-- Data records follows --

lemma has_sum_row_finite:
  assumes "is_graph b" "locally_finite_graph b"
  shows "((\<lambda>y. b x y * g y) has_sum (\<Sum>y | 0 < b x y. b x y * g y)) UNIV"
proof (rule has_sum_cong_neutral[THEN iffD1])
  show "((\<lambda>y. b x y * g y) has_sum (\<Sum>y | 0 < b x y. b x y * g y)) {y. 0 < b x y}"
    using assms(2) unfolding locally_finite_graph_def by simp
  show "b x y * g y = 0" if "y \<in> UNIV - {y. 0 < b x y}" for y
    using assms(1) that unfolding is_graph_def by (auto simp: order.order_iff_strict)
qed auto

lemma H_dom_eq_UNIV:
  assumes "is_graph b" "locally_finite_graph b"
  shows "H_dom b = UNIV"
  unfolding H_dom_def using has_sum_imp_summable[OF has_sum_row_finite[OF assms]] by auto

lemma harmonic_iff_H_op:
  assumes "is_graph b" "locally_finite_graph b"
  shows "harmonic b f \<longleftrightarrow> H_op b f = (\<lambda>x. 0)"
  unfolding harmonic_def H_op_def fun_eq_iff
  using infsumI[OF has_sum_row_finite[OF assms]] by simp

lemma harnack_edge:
  assumes "locally_finite_graph b" "harmonic b u" "\<And>y. 0 \<le> u y" "0 < b v w"
  shows "b v w * u w \<le> (\<Sum>y | 0 < b v y. b v y) * u v"
proof -
  let ?A = "{y. 0 < b v y}"
  have "(\<Sum>y\<in>?A. b v y) * u v - (\<Sum>y\<in>?A. b v y * u y) = (\<Sum>y\<in>?A. b v y * (u v - u y))"
    by (simp add: sum_distrib_right right_diff_distrib sum_subtractf)
  also have "\<dots> = 0"
    using assms(2) unfolding harmonic_def by simp
  finally have "(\<Sum>y\<in>?A. b v y * u y) = (\<Sum>y\<in>?A. b v y) * u v"
    by simp
  moreover have "b v w * u w \<le> (\<Sum>y\<in>?A. b v y * u y)"
    using assms unfolding locally_finite_graph_def
    by (intro member_le_sum) auto
  ultimately show ?thesis
    by simp
qed
lemma exp_norm_le_sum_sign_vectors:
  fixes v :: "real^'n"
  assumes "a \<ge> 0"
  shows "exp (a * norm v) \<le> (\<Sum>\<sigma>\<in>UNIV. exp ((\<chi> i. if \<sigma> i then a else - a) \<bullet> v))"
proof -
  let ?\<sigma> = "\<lambda>i. v $ i \<ge> 0"
  have "a * norm v \<le> a * (\<Sum>i\<in>UNIV. \<bar>v $ i\<bar>)"
    by (rule mult_left_mono[OF norm_le_l1_cart assms])
  also have "\<dots> = (\<chi> i. if ?\<sigma> i then a else - a) \<bullet> v"
    by (auto simp: inner_vec_def sum_distrib_left intro!: sum.cong)
  finally have "exp (a * norm v) \<le> exp ((\<chi> i. if ?\<sigma> i then a else - a) \<bullet> v)"
    by simp
  also have "\<dots> \<le> (\<Sum>\<sigma>\<in>UNIV. exp ((\<chi> i. if \<sigma> i then a else - a) \<bullet> v))"
    by (rule member_le_sum) auto
  finally show ?thesis .
qed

-- Data records concluded --

Task description:
What you return must be the entries, given again word for word.

Exercise solution:
lemma has_sum_row_finite:
  assumes "is_graph b" "locally_finite_graph b"
  shows "((\<lambda>y. b x y * g y) has_sum (\<Sum>y | 0 < b x y. b x y * g y)) UNIV"
proof (rule has_sum_cong_neutral[THEN iffD1])
  show "((\<lambda>y. b x y * g y) has_sum (\<Sum>y | 0 < b x y. b x y * g y)) {y. 0 < b x y}"
    using assms(2) unfolding locally_finite_graph_def by simp
  show "b x y * g y = 0" if "y \<in> UNIV - {y. 0 < b x y}" for y
    using assms(1) that unfolding is_graph_def by (auto simp: order.order_iff_strict)
qed auto

lemma H_dom_eq_UNIV:
  assumes "is_graph b" "locally_finite_graph b"
  shows "H_dom b = UNIV"
  unfolding H_dom_def using has_sum_imp_summable[OF has_sum_row_finite[OF assms]] by auto

lemma harmonic_iff_H_op:
  assumes "is_graph b" "locally_finite_graph b"
  shows "harmonic b f \<longleftrightarrow> H_op b f = (\<lambda>x. 0)"
  unfolding harmonic_def H_op_def fun_eq_iff
  using infsumI[OF has_sum_row_finite[OF assms]] by simp

lemma harnack_edge:
  assumes "locally_finite_graph b" "harmonic b u" "\<And>y. 0 \<le> u y" "0 < b v w"
  shows "b v w * u w \<le> (\<Sum>y | 0 < b v y. b v y) * u v"
proof -
  let ?A = "{y. 0 < b v y}"
  have "(\<Sum>y\<in>?A. b v y) * u v - (\<Sum>y\<in>?A. b v y * u y) = (\<Sum>y\<in>?A. b v y * (u v - u y))"
    by (simp add: sum_distrib_right right_diff_distrib sum_subtractf)
  also have "\<dots> = 0"
    using assms(2) unfolding harmonic_def by simp
  finally have "(\<Sum>y\<in>?A. b v y * u y) = (\<Sum>y\<in>?A. b v y) * u v"
    by simp
  moreover have "b v w * u w \<le> (\<Sum>y\<in>?A. b v y * u y)"
    using assms unfolding locally_finite_graph_def
    by (intro member_le_sum) auto
  ultimately show ?thesis
    by simp
qed
lemma exp_norm_le_sum_sign_vectors:
  fixes v :: "real^'n"
  assumes "a \<ge> 0"
  shows "exp (a * norm v) \<le> (\<Sum>\<sigma>\<in>UNIV. exp ((\<chi> i. if \<sigma> i then a else - a) \<bullet> v))"
proof -
  let ?\<sigma> = "\<lambda>i. v $ i \<ge> 0"
  have "a * norm v \<le> a * (\<Sum>i\<in>UNIV. \<bar>v $ i\<bar>)"
    by (rule mult_left_mono[OF norm_le_l1_cart assms])
  also have "\<dots> = (\<chi> i. if ?\<sigma> i then a else - a) \<bullet> v"
    by (auto simp: inner_vec_def sum_distrib_left intro!: sum.cong)
  finally have "exp (a * norm v) \<le> exp ((\<chi> i. if ?\<sigma> i then a else - a) \<bullet> v)"
    by simp
  also have "\<dots> \<le> (\<Sum>\<sigma>\<in>UNIV. exp ((\<chi> i. if \<sigma> i then a else - a) \<bullet> v))"
    by (rule member_le_sum) auto
  finally show ?thesis .
qed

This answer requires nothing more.